◆ **Supplied material**
--

lemma card_covered_simplices_le:
  assumes \<tau>: "\<tau> \<in> faces n (d - 1)" and Y: "Y \<subseteq> faces n d" and d: "d \<ge> 1" and r: "0 \<le> r"
  shows "real (card {\<sigma>\<in>faces n d. degree_bounded n d r (Y - {\<sigma>}) \<and> \<sigma> \<subseteq> \<Union>(S (Y - {\<sigma>}) d \<tau> m)})
           \<le> vertex_bound d m (r + 1) ^ Suc d"
    (is "real (card ?C) \<le> _")
proof (cases "?C = {}")
  case True
  show ?thesis unfolding True using vertex_bound_nonneg[of "r + 1"] r by simp
next
  case False
  then obtain \<sigma>0 where "degree_bounded n d r (Y - {\<sigma>0})" by blast
  moreover have "finite Y" using finite_subset[OF Y finite_faces] .
  ultimately have deg: "degree_bounded n d (r + 1) Y" by (rule degree_bounded_of_Diff)
  define V where "V = \<Union>(S Y d \<tau> m)"
  have "V \<subseteq> {0..<n}" unfolding V_def by (rule Union_S_subset_vertices[OF faces_subset[OF \<tau>] Y])
  then have V_fin: "finite V" by (meson finite_atLeastLessThan finite_subset)
  have "?C \<subseteq> {\<sigma>. \<sigma> \<subseteq> V \<and> card \<sigma> = Suc d}"
  proof
    fix \<sigma> assume "\<sigma> \<in> ?C"
    moreover have "S (Y - {\<sigma>}) d \<tau> m \<subseteq> S Y d \<tau> m" by (rule S_mono_simplices) blast
    ultimately show "\<sigma> \<in> {\<sigma>. \<sigma> \<subseteq> V \<and> card \<sigma> = Suc d}"
      using card_faces_mem[of \<sigma> n d] unfolding V_def by blast
  qed
  moreover have "finite {\<sigma>. \<sigma> \<subseteq> V \<and> card \<sigma> = Suc d}"
    using V_fin by (simp add: finite_subset[of _ "Pow V"])
  ultimately have "card ?C \<le> card {\<sigma>. \<sigma> \<subseteq> V \<and> card \<sigma> = Suc d}"
    by (rule card_mono[rotated])
  then have "card ?C \<le> card V ^ Suc d" using card_subsets_le_pow[OF V_fin] by (rule le_trans)
  then have "real (card ?C) \<le> real (card V ^ Suc d)" by (rule of_nat_mono)
  also have "\<dots> = real (card V) ^ Suc d" by simp
  also have "\<dots> \<le> vertex_bound d m (r + 1) ^ Suc d"
    unfolding V_def using card_Union_S_le[OF \<tau> Y d _ deg] r by (intro power_mono) simp_all
  finally show ?thesis .
qed

lemma Pr_degree_bounded_not_dtree:
  assumes d: "d \<ge> 1" and \<tau>: "\<tau> \<in> faces n (d - 1)" and p: "0 \<le> p" "p \<le> 1" and r: "0 \<le> r"
  shows "Pr (faces n d) p (\<lambda>Y. degree_bounded n d r Y \<and> \<not> is_dtree d (S Y d \<tau> m))
     \<le> p * vertex_bound d m (r + 1) ^ Suc d"
proof -
  define F where "F = faces n d"
  define covered where "covered \<sigma> Z \<longleftrightarrow> degree_bounded n d r Z \<and> \<sigma> \<subseteq> \<Union>(S Z d \<tau> m)" for \<sigma> Z
  have F_fin: "finite F" unfolding F_def by (rule finite_faces)
  have \<tau>_props: "finite \<tau>" "card \<tau> = d"
    using card_faces_mem[OF \<tau>] finite_subset[OF faces_subset[OF \<tau>]] d by auto
  have "Pr F p (\<lambda>Y. degree_bounded n d r Y \<and> \<not> is_dtree d (S Y d \<tau> m))
      \<le> Pr F p (\<lambda>Y. \<exists>\<sigma>\<in>F. \<sigma> \<in> Y \<and> covered \<sigma> (Y - {\<sigma>}))"
  proof (rule Pr_mono[OF F_fin p])
    fix Y assume Y: "Y \<subseteq> F" and bad: "degree_bounded n d r Y \<and> \<not> is_dtree d (S Y d \<tau> m)"
    have Y_fin: "finite Y" using Y F_fin finite_subset by blast
    have "\<exists>\<sigma>\<in>Y. \<sigma> \<subseteq> \<Union>(S (Y - {\<sigma>}) d \<tau> m)"
      using is_dtree_S[OF d \<tau>_props Y_fin, of m m] Y card_faces_mem bad unfolding F_def by blast
    then show "\<exists>\<sigma>\<in>F. \<sigma> \<in> Y \<and> covered \<sigma> (Y - {\<sigma>})"
      using Y bad degree_bounded_Diff[OF _ Y_fin] unfolding covered_def by blast
  qed
  also have "\<dots> \<le> (\<Sum>\<sigma>\<in>F. Pr F p (\<lambda>Y. \<sigma> \<in> Y \<and> covered \<sigma> (Y - {\<sigma>})))"
    by (rule Pr_union_bound[OF F_fin F_fin p])
  also have "\<dots> = p * (\<Sum>\<sigma>\<in>F. Pr F p (\<lambda>Y. covered \<sigma> (Y - {\<sigma>})))"
    by (simp add: Pr_mem_and_remove[OF F_fin] sum_distrib_left)
  also have "\<dots> \<le> p * vertex_bound d m (r + 1) ^ Suc d"
    using card_covered_simplices_le[OF \<tau> _ d r]
    by (intro mult_left_mono[OF sum_Pr_le[OF F_fin F_fin p]] p) (auto simp: F_def covered_def)
  finally show ?thesis unfolding F_def .
qed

--

"auto" is the string to look for; please copy every line of the records above where it appears.

    using card_faces_mem[OF \<tau>] finite_subset[OF faces_subset[OF \<tau>]] d by auto
    by (intro mult_left_mono[OF sum_Pr_le[OF F_fin F_fin p]] p) (auto simp: F_def covered_def)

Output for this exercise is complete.